EXERCISE BRIEF » Where a line holds the word "else", copy that line from the data below.

______________________________

lemma club_closure_points:
  fixes k b :: "'a::wellorder" and g :: "'a \<Rightarrow> 'a"
  assumes card: "is_cardinal k" and reg: "regular k" and u: "uncountable_cf k"
    and "b < k" and g: "\<forall>i<k. g i < k"
  shows "club {s. s < k \<and> b < s \<and> (\<forall>i<s. g i < s)} k"
  unfolding club_def
proof (intro conjI allI impI)
  fix c assume "c < k"
  define F where "F x = (SOME y. x < y \<and> y < k \<and> (\<forall>i\<le>x. g i < y))" for x
  have F: "x < F x \<and> F x < k \<and> (\<forall>i\<le>x. g i < F x)" if "x < k" for x
    unfolding F_def by (rule someI_ex) (rule regular_bounded_image[OF card reg u that g])
  have "max c b < k" using \<open>b < k\<close> \<open>c < k\<close> by (simp add: max_def)
  then obtain \<gamma> where \<gamma>: "\<gamma> < k" "max c b < \<gamma>" "\<forall>i<\<gamma>. \<exists>n. i < (F^^n) (max c b)"
      "\<forall>n. (F^^n) (max c b) < \<gamma>"
    using iterate_sup_below[OF u, of F] F by blast
  have "g i < \<gamma>" if i: "i < \<gamma>" for i
  proof -
    obtain n where n: "i < (F^^n) (max c b)" using \<gamma>(3) i by blast
    have "(F^^n) (max c b) < k" using \<gamma>(1,4) by (meson order.strict_trans)
    then have "g i < (F^^Suc n) (max c b)" using F n by simp
    then show ?thesis using \<gamma>(4) by (meson order.strict_trans)
  qed
  with \<gamma>(1,2) show "\<exists>y\<in>{s. s < k \<and> b < s \<and> (\<forall>i<s. g i < s)}. c \<le> y"
    by (intro bexI[of _ \<gamma>]) auto
next
  fix \<gamma> assume "\<gamma> < k"
    and \<gamma>: "is_limit \<gamma> \<and> (\<forall>c<\<gamma>. \<exists>s\<in>{s. s < k \<and> b < s \<and> (\<forall>i<s. g i < s)}. c < s \<and> s < \<gamma>)"
  obtain y where "y < \<gamma>" using \<gamma> unfolding is_limit_def by blast
  then obtain s where "b < s" "s < \<gamma>" using \<gamma> by blast
  then have "b < \<gamma>" by simp
  moreover have "g i < \<gamma>" if i: "i < \<gamma>" for i
  proof -
    obtain s where "i < s" "s < \<gamma>" "\<forall>i<s. g i < s" using \<gamma> i by blast
    then show ?thesis by (meson order.strict_trans)
  qed
  ultimately show "\<gamma> \<in> {s. s < k \<and> b < s \<and> (\<forall>i<s. g i < s)}" using \<open>\<gamma> < k\<close> by auto
qed (auto simp: below_def)
lemma spec_norm_sq_curve_upper:
  assumes gap: "\<And>b. b \<in> Vperp \<Longrightarrow> (norm (P *v b))\<^sup>2 \<le> (\<sigma>\<^sup>2 - \<gamma>) * (norm b)\<^sup>2"
    and t: "0 < t" "t \<le> 1" and a: "a \<in> Vmax" and b: "b \<in> Vperp"
    and n: "(norm a)\<^sup>2 + (norm b)\<^sup>2 = 1"
  shows "(norm ((P + t *\<^sub>R H + (t\<^sup>2 / 2) *\<^sub>R Z) *v (a + b)))\<^sup>2
    \<le> \<sigma>\<^sup>2 - \<gamma> * (norm b)\<^sup>2 + t * \<mu> + t * ((\<bar>\<mu>\<bar> + 4 * (\<sigma> * spec_norm H)) * norm b)
      + t\<^sup>2 * (\<sigma> * spec_norm Z + (spec_norm H + spec_norm Z)\<^sup>2)"
proof -
  define x where "x = a + b"
  define c where "c = \<bar>\<mu>\<bar> + 4 * (\<sigma> * spec_norm H)"
  define v where "v = H *v x + (t / 2) *\<^sub>R (Z *v x)"
  define pv where "pv = (P *v x) \<bullet> v"
  have x1: "norm x = 1"
    using Vmax_Vperp_unit(1)[OF a b n] by (simp add: x_def)
  have F_eq: "(norm ((P + t *\<^sub>R H + (t\<^sup>2 / 2) *\<^sub>R Z) *v x))\<^sup>2
      = (norm (P *v x))\<^sup>2 + 2 * t * pv + t\<^sup>2 * (norm v)\<^sup>2"
    unfolding curve_mult_vector v_def[symmetric] pv_def by (simp only: power2_norm_add_scaleR)
  have "(norm (P *v x))\<^sup>2 = \<sigma>\<^sup>2 * (norm a)\<^sup>2 + (norm (P *v b))\<^sup>2"
    using power2_norm_add_scaleR[of "P *v a" 1 "P *v b"] Vmax_Vperp_orthogonal(2)[OF a b]
      Vmax_power2_norm[OF a] by (simp add: x_def matrix_vector_right_distrib)
  moreover have "(norm a)\<^sup>2 = 1 - (norm b)\<^sup>2"
    using n by simp
  then have "\<sigma>\<^sup>2 * (norm a)\<^sup>2 = \<sigma>\<^sup>2 - \<sigma>\<^sup>2 * (norm b)\<^sup>2"
    by (simp add: right_diff_distrib)
  moreover have "(\<sigma>\<^sup>2 - \<gamma>) * (norm b)\<^sup>2 = \<sigma>\<^sup>2 * (norm b)\<^sup>2 - \<gamma> * (norm b)\<^sup>2"
    by (simp add: left_diff_distrib)
  ultimately have Px: "(norm (P *v x))\<^sup>2 \<le> \<sigma>\<^sup>2 - \<gamma> * (norm b)\<^sup>2"
    using gap[OF b] by linarith
  have "(P *v x) \<bullet> (Z *v x) \<le> \<sigma> * spec_norm Z"
    using abs_inner_matrix_vector_le[of P x Z x] x1 by (simp add: \<sigma>_def)
  then have "(t / 2) * ((P *v x) \<bullet> (Z *v x)) \<le> (t / 2) * (\<sigma> * spec_norm Z)"
    using t by (intro mult_left_mono) auto
  moreover have "pv = (P *v x) \<bullet> (H *v x) + (t / 2) * ((P *v x) \<bullet> (Z *v x))"
    by (simp add: pv_def v_def inner_add_right)
  ultimately have "2 * pv \<le> \<mu> + c * norm b + t * (\<sigma> * spec_norm Z)"
    using inner_P_H_decomp_le[OF a b n] by (simp add: x_def c_def)
  then have "t * (2 * pv) \<le> t * (\<mu> + c * norm b + t * (\<sigma> * spec_norm Z))"
    using t by (intro mult_left_mono) auto
  then have pv: "2 * t * pv \<le> t * \<mu> + t * (c * norm b) + t\<^sup>2 * (\<sigma> * spec_norm Z)"
    by (simp add: algebra_simps power2_eq_square)
  have "norm v \<le> spec_norm H + spec_norm Z"
  proof -
    have "norm v \<le> norm (H *v x) + (t / 2) * norm (Z *v x)"
      using norm_triangle_ineq[of "H *v x" "(t / 2) *\<^sub>R (Z *v x)"] t by (simp add: v_def)
    moreover have "norm (H *v x) \<le> spec_norm H" "norm (Z *v x) \<le> spec_norm Z"
      using norm_matrix_vector_le_spec_norm[of H x] norm_matrix_vector_le_spec_norm[of Z x] x1
      by simp_all
    moreover have "(t / 2) * norm (Z *v x) \<le> norm (Z *v x)"
      using t mult_left_le_one_le[of "norm (Z *v x)" "t / 2"] by simp
    ultimately show ?thesis by linarith
  qed
  then have "t\<^sup>2 * (norm v)\<^sup>2 \<le> t\<^sup>2 * (spec_norm H + spec_norm Z)\<^sup>2"
    by (intro mult_left_mono power_mono) auto
  moreover have "t\<^sup>2 * (\<sigma> * spec_norm Z + (spec_norm H + spec_norm Z)\<^sup>2)
      = t\<^sup>2 * (\<sigma> * spec_norm Z) + t\<^sup>2 * (spec_norm H + spec_norm Z)\<^sup>2"
    by (simp add: distrib_left)
  ultimately show ?thesis
    using F_eq Px pv unfolding x_def c_def by linarith
qed
lemma multiplicity_triangular:
  fixes s k :: "nat \<Rightarrow> 'a :: factorial_ring_gcd" and a :: "nat \<Rightarrow> nat \<Rightarrow> 'a"
  assumes "prime_elem p"
    and s_eq: "\<And>i. i < h \<Longrightarrow> s i = k i + (\<Sum>r\<in>{i<..<h}. k r * a r i)"
    and s_nonzero: "\<And>i. i < h \<Longrightarrow> s i \<noteq> 0"
    and tail_dvd: "\<And>i r. i < r \<Longrightarrow> r < h \<Longrightarrow>
      p ^ Suc (multiplicity p (s i)) dvd p ^ multiplicity p (s r) * a r i"
    and "i < h"
  shows "k i \<noteq> 0 \<and> multiplicity p (k i) = multiplicity p (s i)"
  using \<open>i < h\<close>
proof (induction "h - i" arbitrary: i rule: less_induct)
  case less
  have "p ^ Suc (multiplicity p (s i)) dvd k r * a r i" if r: "i < r" "r < h" for r
  proof -
    have "multiplicity p (k r) = multiplicity p (s r)"
      using less.hyps[of r] r by simp
    then have "p ^ multiplicity p (s r) * a r i dvd k r * a r i"
      by (metis multiplicity_dvd mult_dvd_mono dvd_refl)
    with tail_dvd[OF r] show ?thesis by (rule dvd_trans)
  qed
  then have "p ^ Suc (multiplicity p (s i)) dvd (\<Sum>r\<in>{i<..<h}. k r * a r i)"
    by (intro dvd_sum) simp
  moreover have "k i = s i + - (\<Sum>r\<in>{i<..<h}. k r * a r i)"
    using s_eq[OF less.prems] by simp
  moreover have "\<not> is_unit p"
    using \<open>prime_elem p\<close> by (rule prime_elem_not_unit)
  ultimately show ?case
    using multiplicity_add_dvd[OF s_nonzero[OF less.prems]] dvd_minus_iff by metis
qed

lemma sum_lessThan_eq_term_plus_tail:
  fixes i h :: nat
  assumes "i < h" "\<And>r. r < i \<Longrightarrow> f r = 0"
  shows "(\<Sum>r<h. f r) = f i + (\<Sum>r\<in>{i<..<h}. f r)"
proof -
  have "(\<Sum>r<h. f r) = (\<Sum>r\<in>{i..<h}. f r)"
    by (rule sum.mono_neutral_right) (use assms(2) in auto)
  also have "\<dots> = f i + (\<Sum>r\<in>{Suc i..<h}. f r)"
    using assms(1) by (simp add: sum.atLeast_Suc_lessThan)
  finally show ?thesis by (simp add: atLeastSucLessThan_greaterThanLessThan)
qed

section \<open>Coefficients of (x^2 + cx)(x^2 + dx)^r\<close>

lemma coeff_quad_power:
  "coeff ([:0, c, 1:] ^ r) t =
    (if r \<le> t \<and> t \<le> 2*r then of_nat (r choose (t - r)) * c ^ (2*r - t) else (0 :: 'a :: comm_semiring_1))"
proof -
  have X_times: "[:0, c, 1:] = monom 1 1 * [:c, 1:]"
    by (simp add: monom_Suc)
  have "[:0, c, 1:] ^ r = monom 1 r * [:c, 1:] ^ r"
    unfolding X_times power_mult_distrib monom_power by simp
  then have shift: "coeff ([:0, c, 1:] ^ r) t = (if t < r then 0 else coeff ([:c, 1:] ^ r) (t - r))"
    by (simp add: coeff_monom_mult)
  have "degree ([:c, 1:] ^ r) \<le> r"
    using degree_power_le[of "[:c, 1:]" r] by simp
  then have "coeff ([:c, 1:] ^ r) (t - r) = 0" if "2*r < t"
    using that by (intro coeff_eq_0) linarith
  moreover have "coeff ([:c, 1:] ^ r) (t - r) = of_nat (r choose (t - r)) * c ^ (2*r - t)"
    if "r \<le> t" "t \<le> 2*r"
    using that by (simp add: coeff_linear_poly_power mult_2 diff_diff_right)
  ultimately show ?thesis
    using shift by auto
qed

______________________________

WRITTEN REPLY »
    (if r \<le> t \<and> t \<le> 2*r then of_nat (r choose (t - r)) * c ^ (2*r - t) else (0 :: 'a :: comm_semiring_1))"
  then have shift: "coeff ([:0, c, 1:] ^ r) t = (if t < r then 0 else coeff ([:c, 1:] ^ r) (t - r))"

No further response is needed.